День цветения - Ярослава Кузнецова
Шрифт:
Интервал:
Закладка:
Ах, Адван, Адван. Зачем ты вытащил его, собрат по миске? На черта он тебе сдался, этот Гелиодор Нурран? Еще его супруга — понятно…
— Отец Арамел…
— Да, Рейгред?
— Как вы себя чувствуете? — с тревогой заглянул мне в лицо.
— Не волнуйся, малыш. Все хорошо.
— Может быть, воды?
— Нет, спасибо.
Мальчик напуган. Бедный Рейгред, крепко же досталось тебе ночью. А все потому, что кое-кто решил, что сможет в одиночку поймать убийцу. Нет уж, милый мой, теперь я тебя ни на шаг не отпущу. Будешь здесь, рядом. При мне.
Радвара
Так оно и идет, милые мои — жду "весточек", да Сущих прошу, чтоб не забыли Нашего, не покинули. А уж как самой-то охота увидать его, хоть одним глазком… Откуда он, старого ли господина Ирована человек, а, может, из Ирваргоновых? Как Право перенял, кто его растил-лелеял… Знаю, знаю — не моего ума то дело, а сердце стукотит, ровно дятел…
В общем, с утреца пораньше пошла я в Коготь. Утешительные возжечь (это я — себе, дескать, по делу), да с надеждой глупой старушечьей — вдруг встречу, Нашего-то… Я ж не коснусь его, не окликну, только бы поглядеть на него, на родненького, не помешаю я… Пошла. Не вытерпела.
А в Когте-то Треверры, проклятое семя, засаду устроили. Оно, конечно, Наш в засаду ихнюю не попадется — где это видано, чтоб богами призванный в человечью ловушку попался, — а вот старую Радвару поймали. А ты не лазь, дура, куда не велено. У-у, драконьи дети, лихоманка вас забодай!
Словили бабку глупую да — в Треверргар. Потому как особливо опасная бабка оказалась. Клюка-то моя при мне, небось. Едва-едва не вырвалась у них у троих, да и шишек им наставила порядочно. А потом думаю — пущай отведут к хозявам к своим, гляну, сколько их осталось, хозяв-то.
Идем, значитца, в Треверргар, я спереду, двое сторожей по бокам, за локти меня держат. Правый палку мою несет, с подбитым глазом который.
Сущие Знак подают — не суйся, старая, не в свое дело. Ишь, призванного повидать захотелось! Да кто ты такая есть, чтоб просьбы твои слушать? Утеряла Право, так сиди себе и не рыпайся. И до того уж мне горько сделалось, до того горько… А вдруг подумала: в Когте-то, в засаде ихней, — один всего остался. Ежели Наш придет сейчас, не трое его встретят, а — один! Может, за этим Сущие меня, дуру, в развалины привели? Может, Наш-то кругами ходит, выжидает — в ловушку не попадется, а и войти не суметь, трое все ж таки…

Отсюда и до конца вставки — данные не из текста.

lemma generate_field_subset_fracs_over:
  assumes "prime_ideal_in UNIV p" and "subring_of B" and "H \<subseteq> fracs_over p B"
  shows "generate_field (qf_ring p) H \<subseteq> fracs_over p B"
proof
  note mult_notin = prime_ideal_UNIV_mult_notin[OF assms(1)]
  fix X assume "X \<in> generate_field (qf_ring p) H"
  then show "X \<in> fracs_over p B"
  proof (induction rule: generate_field.induct)
    case one
    then show ?case
      using subring_of_one[OF assms(2)] prime_ideal_UNIV_one[OF assms(1)]
      by (simp add: fracs_overI qf_ring_one)
  next
    case (incl h)
    then show ?case using assms(3) by blast
  next
    case (a_inv h)
    obtain n d where "n \<in> B" "d \<in> B" "d \<notin> p" "h = frac p n d"
      using a_inv.IH by (rule fracs_overE)
    then show ?case
      using qf_ring_a_inv_frac[OF assms(1)] subring_of_uminus[OF assms(2)]
      by (simp add: fracs_overI)
  next
    case (m_inv h)
    obtain n d where nd: "n \<in> B" "d \<in> B" "d \<notin> p" "h = frac p n d"
      using m_inv.IH by (rule fracs_overE)
    moreover have "n \<notin> p"
      using m_inv.hyps(2) nd frac_eq_zero_iff[OF assms(1)] by simp
    ultimately show ?case
      using qf_ring_m_inv_frac[OF assms(1)] by (simp add: fracs_overI)
  next
    case (eng_add h1 h2)
    obtain n1 d1 where "n1 \<in> B" "d1 \<in> B" "d1 \<notin> p" "h1 = frac p n1 d1"
      using eng_add.IH(1) by (rule fracs_overE)
    moreover obtain n2 d2 where "n2 \<in> B" "d2 \<in> B" "d2 \<notin> p" "h2 = frac p n2 d2"
      using eng_add.IH(2) by (rule fracs_overE)
    ultimately show ?case
      using qf_ring_add_frac[OF assms(1)] mult_notin
        subring_of_add[OF assms(2)] subring_of_mult[OF assms(2)]
      by (simp add: fracs_overI)
  next
    case (eng_mult h1 h2)
    obtain n1 d1 where "n1 \<in> B" "d1 \<in> B" "d1 \<notin> p" "h1 = frac p n1 d1"
      using eng_mult.IH(1) by (rule fracs_overE)
    moreover obtain n2 d2 where "n2 \<in> B" "d2 \<in> B" "d2 \<notin> p" "h2 = frac p n2 d2"
      using eng_mult.IH(2) by (rule fracs_overE)
    ultimately show ?case
      using qf_ring_mult_frac[OF assms(1)] mult_notin subring_of_mult[OF assms(2)]
      by (simp add: fracs_overI)
  qed
qed

text \<open>qf(A/p) = qf(B/(B \<inter> p)): every a is congruent to some n/d modulo p.\<close>

definition generates_fraction_field :: "'a::comm_ring_1 set \<Rightarrow> 'a set \<Rightarrow> bool" where
  "generates_fraction_field B p \<longleftrightarrow> (\<forall>a. \<exists>n\<in>B. \<exists>d\<in>B. d \<notin> p \<and> a * d - n \<in> p)"

lemma fg_field_ext_finite_generators:
  assumes "prime_ideal_in UNIV p" and "fg_field_ext K iota p"
  shows "\<exists>G. finite G \<and>
    (\<forall>B. subring_of B \<and> iota ` K \<subseteq> B \<and> G \<subseteq> B \<longrightarrow> generates_fraction_field B p)"
proof -
  note one_notin = prime_ideal_UNIV_one[OF assms(1)]
  obtain S where "finite S" and S: "S \<subseteq> carrier (qf_ring p)"
    and gen: "generate_field (qf_ring p) ((\<lambda>k. frac p (iota k) 1) ` K \<union> S) = carrier (qf_ring p)"
    using assms(2) by (auto simp: fg_field_ext_def)
  let ?G = "frac_num ` S \<union> frac_den ` S"
  have "\<forall>B. subring_of B \<and> iota ` K \<subseteq> B \<and> ?G \<subseteq> B \<longrightarrow> generates_fraction_field B p"
    unfolding generates_fraction_field_def
  proof (intro allI impI)
    fix B a assume "subring_of B \<and> iota ` K \<subseteq> B \<and> ?G \<subseteq> B"
    then have B: "subring_of B" "iota ` K \<subseteq> B" "?G \<subseteq> B" by simp_all
    have "(\<lambda>k. frac p (iota k) 1) ` K \<subseteq> fracs_over p B"
      using B(2) subring_of_one[OF B(1)] one_notin by (intro image_subsetI fracs_overI) auto
    moreover have "S \<subseteq> fracs_over p B"
    proof
      fix X assume X: "X \<in> S"
      then have "frac_num X \<in> B" and "frac_den X \<in> B" using B(3) by auto
      moreover have "frac_den X \<notin> p" and "X = frac p (frac_num X) (frac_den X)"
        using X S frac_num_den[OF assms(1)] by auto
      ultimately show "X \<in> fracs_over p B" by (metis fracs_overI)
    qed
    ultimately have "(\<lambda>k. frac p (iota k) 1) ` K \<union> S \<subseteq> fracs_over p B" by blast
    then have "carrier (qf_ring p) \<subseteq> fracs_over p B"
      unfolding gen[symmetric] by (rule generate_field_subset_fracs_over[OF assms(1) B(1)])
    moreover have "frac p a 1 \<in> carrier (qf_ring p)"
      using frac_in_carrier[OF assms(1) one_notin] .
    ultimately have "frac p a 1 \<in> fracs_over p B" by blast
    then obtain n d where "n \<in> B" "d \<in> B" "d \<notin> p" and "frac p a 1 = frac p n d"
      by (rule fracs_overE)
    moreover from this have "a * d - n \<in> p"
      using frac_eq_iff[OF assms(1) one_notin, of d a n] by simp
    ultimately show "\<exists>n\<in>B. \<exists>d\<in>B. d \<notin> p \<and> a * d - n \<in> p" by blast
  qed
  moreover have "finite ?G" using \<open>finite S\<close> by simp
  ultimately show ?thesis by blast
qed

text \<open>A lies in the localization of B at B - p.\<close>

definition has_denominators :: "'a::comm_ring_1 set \<Rightarrow> 'a set \<Rightarrow> bool" where
  "has_denominators B p \<longleftrightarrow> (\<forall>a. \<exists>d\<in>B. d \<notin> p \<and> a * d \<in> B)"

lemma has_denominators_if_separating_element:
  fixes p :: "'a::comm_ring_1 set"
  assumes "reduced TYPE('a)" and "prime_ideal_in UNIV p" and "subring_of B"
    and "e \<in> B" and "e \<notin> p" and "\<And>q. minimal_prime_in UNIV q \<Longrightarrow> q \<noteq> p \<Longrightarrow> e \<in> q"
    and "generates_fraction_field B p"
  shows "has_denominators B p"
  unfolding has_denominators_def
proof
  fix a
  obtain n d where "n \<in> B" "d \<in> B" "d \<notin> p" and "a * d - n \<in> p"
    using assms(7) unfolding generates_fraction_field_def by blast
  have "e * (a * d - n) = 0"
  proof (rule reduced_Inter_minimal_primes[OF assms(1)])
    fix q :: "'a set" assume q: "minimal_prime_in UNIV q"
    show "e * (a * d - n) \<in> q"
    proof (cases "q = p")
      case True
      then show ?thesis
        using \<open>a * d - n \<in> p\<close> prime_ideal_UNIV_is_ideal[OF assms(2)] is_ideal_mult_left by blast
    next
      case False
      then show ?thesis
        using assms(6)[OF q] minimal_prime_UNIV_is_ideal[OF q] is_ideal_mult_right by blast
    qed
  qed
  then have "a * (e * d) = e * n" by (simp add: algebra_simps)
  moreover have "e * d \<in> B" and "e * n \<in> B"
    using \<open>n \<in> B\<close> \<open>d \<in> B\<close> assms(4) subring_of_mult[OF assms(3)] by simp_all
  moreover have "e * d \<notin> p"
    using \<open>d \<notin> p\<close> assms(5) prime_ideal_UNIV_mult_notin[OF assms(2)] by simp
  ultimately show "\<exists>d'\<in>B. d' \<notin> p \<and> a * d' \<in> B" by metis
qed

section \<open>Extending orderings from a subring\<close>

lemma uminus_image_iff: "(x::'a::group_add) \<in> uminus ` S \<longleftrightarrow> - x \<in> S"
  by (auto intro: rev_image_eqI[of "- x"])

locale ordering_lifting =
  fixes B p P :: "'a::comm_ring_1 set"
  assumes subring: "subring_of B"
    and prime: "prime_ideal_in UNIV p"
    and denominators: "has_denominators B p"
    and ordering: "ordering_of B P"
    and support: "P \<inter> uminus ` P = p \<inter> B"
begin

lemma P_subset: "P \<subseteq> B"
  and P_add: "x \<in> P \<Longrightarrow> y \<in> P \<Longrightarrow> x + y \<in> P"
  and P_mult: "x \<in> P \<Longrightarrow> y \<in> P \<Longrightarrow> x * y \<in> P"
  and P_total: "x \<in> B \<Longrightarrow> x \<in> P \<or> - x \<in> P"
  using ordering uminus_image_iff[of x P] by (auto simp: ordering_of_def)

lemma P_support_iff: "x \<in> P \<and> - x \<in> P \<longleftrightarrow> x \<in> p \<and> x \<in> B"
  using support uminus_image_iff[of x P] by blast

lemma square_in_P: "b \<in> B \<Longrightarrow> b * b \<in> P"
  using P_total P_mult by (metis minus_mult_minus)

lemma denominatorE:
  obtains d where "d \<in> B" and "d \<notin> p" and "a * d \<in> B"
  using denominators by (auto simp: has_denominators_def)

definition lifted :: "'a set" where
  "lifted = {a. \<exists>d\<in>B. d \<notin> p \<and> a * d \<in> B \<and> a * d * d \<in> P}"

lemma lifted_denominator_independent:
  assumes "d \<in> B" and "d \<notin> p" and "a * d \<in> B" and "a * d * d \<in> P"
    and "d' \<in> B" and "d' \<notin> p" and "a * d' \<in> B"
  shows "a * d' * d' \<in> P"
proof (rule ccontr)
  assume not_in: "a * d' * d' \<notin> P"
  have in_B: "a * d' * d' \<in> B" using assms(5,7) subring_of_mult[OF subring] by blast
  then have "- (a * d' * d') \<in> P" using P_total not_in by blast
  from P_mult[OF this square_in_P[OF assms(1)]]
  have "- (a * (d * d * (d' * d'))) \<in> P" by (simp add: algebra_simps)
  moreover have "a * (d * d * (d' * d')) \<in> P"
    using P_mult[OF assms(4) square_in_P[OF assms(5)]] by (simp add: algebra_simps)
  ultimately have "a * (d * d * (d' * d')) \<in> p"
    using P_support_iff by blast
  moreover have "d * d * (d' * d') \<notin> p"
    using assms(2,6) prime_ideal_UNIV_mult_notin[OF prime] by simp
  ultimately have "a \<in> p" using prime_ideal_UNIV_mult_iff[OF prime] by blast
  then have "a * d' * d' \<in> p"
    using prime_ideal_UNIV_mult_iff[OF prime assms(6)] by simp
  with in_B not_in show False using P_support_iff by blast
qed

lemma lifted_iff:
  assumes "d \<in> B" and "d \<notin> p" and "a * d \<in> B"
  shows "a \<in> lifted \<longleftrightarrow> a * d * d \<in> P"
  using assms lifted_denominator_independent unfolding lifted_def by blast

lemma uminus_lifted_iff:
  assumes "d \<in> B" and "d \<notin> p" and "a * d \<in> B"
  shows "- a \<in> lifted \<longleftrightarrow> - (a * d * d) \<in> P"
  using lifted_iff[of d "- a"] assms subring_of_uminus[OF subring] by simp

lemma lifted_Int_subring: "lifted \<inter> B = P"
  using lifted_iff[of 1] subring_of_one[OF subring] prime_ideal_UNIV_one[OF prime] P_subset
  by auto

lemma lifted_support: "lifted \<inter> uminus ` lifted = p"
proof -
  have "a \<in> lifted \<inter> uminus ` lifted \<longleftrightarrow> a \<in> p" for a
  proof -
    obtain d where d: "d \<in> B" "d \<notin> p" "a * d \<in> B" by (rule denominatorE)
    have "a * d * d \<in> B" using d subring_of_mult[OF subring] by blast
    then have "a \<in> lifted \<inter> uminus ` lifted \<longleftrightarrow> a * d * d \<in> p"
      using lifted_iff[OF d] uminus_lifted_iff[OF d] uminus_image_iff[of a lifted]
        P_support_iff by blast
    also have "\<dots> \<longleftrightarrow> a \<in> p"
      using prime_ideal_UNIV_mult_iff[OF prime d(2)] by simp
    finally show ?thesis .
  qed
  then show ?thesis by blast
qed


lemma liftedI:
  assumes "d \<in> B" and "d \<notin> p" and "a * d \<in> B" and "a * d * d \<in> P"
  shows "a \<in> lifted"
  using assms unfolding lifted_def by blast

lemma liftedE:
  assumes "a \<in> lifted"
  obtains d where "d \<in> B" and "d \<notin> p" and "a * d \<in> B" and "a * d * d \<in> P"
  using assms unfolding lifted_def by blast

Одно жаль — не успела я увидать, как оно там, в зале. Сколько он, родимый, костерков жег… Ну, да чего тебе, дурище, жалиться, коли ты помочь ему сможешь? Я и не жалюсь. Знаю, чего делать мне. Знаю.

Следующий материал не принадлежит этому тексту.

(* Under the standing assumptions below, let $q,r\in[1,\infty]$ be the exponents from these assumptions and let $p\in\{q\}\cup(\min(q,r),\max(q,r))$. Then $S:X\to Y$ with the differential $\partial_B^{sw}S:X\rightrightarrows\mathcal{L}(X,Y)$ is Newton differentiable w.r.t. perturbations in $U$ with values in $L^p(\Omega)$, i.e., for every $x\in X$, $$\sup_{G\in\partial_B^{sw}S(x+z)}\frac{\|S(x+z)-S(x)-Gz\|_{L^p(\Omega)}}{\|z\|_U}\to0\quad\text{as } z\in U\setminus\{0\},\ \|z\|_U\to0.$$
   Context: Standing assumptions: $(\Omega,\Sigma,\mu)$ is a complete measure space with real Lebesgue spaces $L^p(\Omega)$, $p\in[1,\infty]$. $Y$ is a real separable reflexive Banach space with $Y\subset L^q(\Omega)$ and the inclusion $Y\hookrightarrow L^q(\Omega)$ continuous and compact, for a fixed $q\in[1,\infty]$. $X$ is a real separable Banach space. $U$ is a real reflexive Banach space with $U\subset X$ and the inclusion $U\hookrightarrow X$ continuous and compact. The map $S:X\to Y$ satisfies $S(\lambda x_1+(1-\lambda)x_2)\le\lambda S(x_1)+(1-\lambda)S(x_2)$ $\mu$-a.e. in $\Omega$ for all $x_1,x_2\in X$, $\lambda\in[0,1]$; and there is an exponent $r\in[1,\infty]$ such that for every $x\in X$ there are $C,\varepsilon>0$ with $\|S(x_1)-S(x_2)\|_Y\le C\|x_1-x_2\|_X$ for all $x_1,x_2\in X$ with $\|x_i-x\|_X\le\varepsilon$, $i=1,2$, and $\|S(x_1+z)-S(x_1)\|_{L^r(\Omega)}\le C\|z\|_U$ for all $x_1\in X$, $z\in U$ with $\|x_1-x\|_X\le\varepsilon$, $\|z\|_U\le\varepsilon$. $S$ is Gâteaux differentiable at $x\in X$ if for all $z\in X$ the limit $S'(x;z):=\lim_{t\to0^+}(S(x+tz)-S(x))/t$ exists in $Y$ and $z\mapsto S'(x;z)$ is linear and continuous; then $S'(x):=S'(x;\cdot)\in\mathcal{L}(X,Y)$. $\mathcal{D}_S$ denotes the set of points where $S$ is Gâteaux differentiable. WOT convergence $G_n\to G$ in $\mathcal{L}(X,Y)$ means $G_nz\rightharpoonup Gz$ weakly in $Y$ for all $z\in X$. The strong-weak Bouligand differential is $\partial_B^{sw}S(x):=\{G\in\mathcal{L}(X,Y): \exists\{x_n\}\subset\mathcal{D}_S \text{ with } x_n\to x \text{ in } X \text{ and } S'(x_n)\to G \text{ in the WOT}\}$. *)

theory Defs
  imports "HOL-Analysis.Analysis" "HOL-Probability.Essential_Supremum"
begin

Переполох устроить Треверрам, проклятому семени. Такой переполох, чтоб про все на свете думать забыли. Может, с того и выйдет Нашему какое облегчение?
Адван Каоренец
Опять переполох, боги милосердные! Парни с поста в развалинах поймали кого-то. Я думал — убийцу. Разлетелся. Щас тебе. Бабку старую они поймали, знакомицу мою, Радвару-знахарку! И оную бабку — с почетом, под локотки в Треверргар приволокли.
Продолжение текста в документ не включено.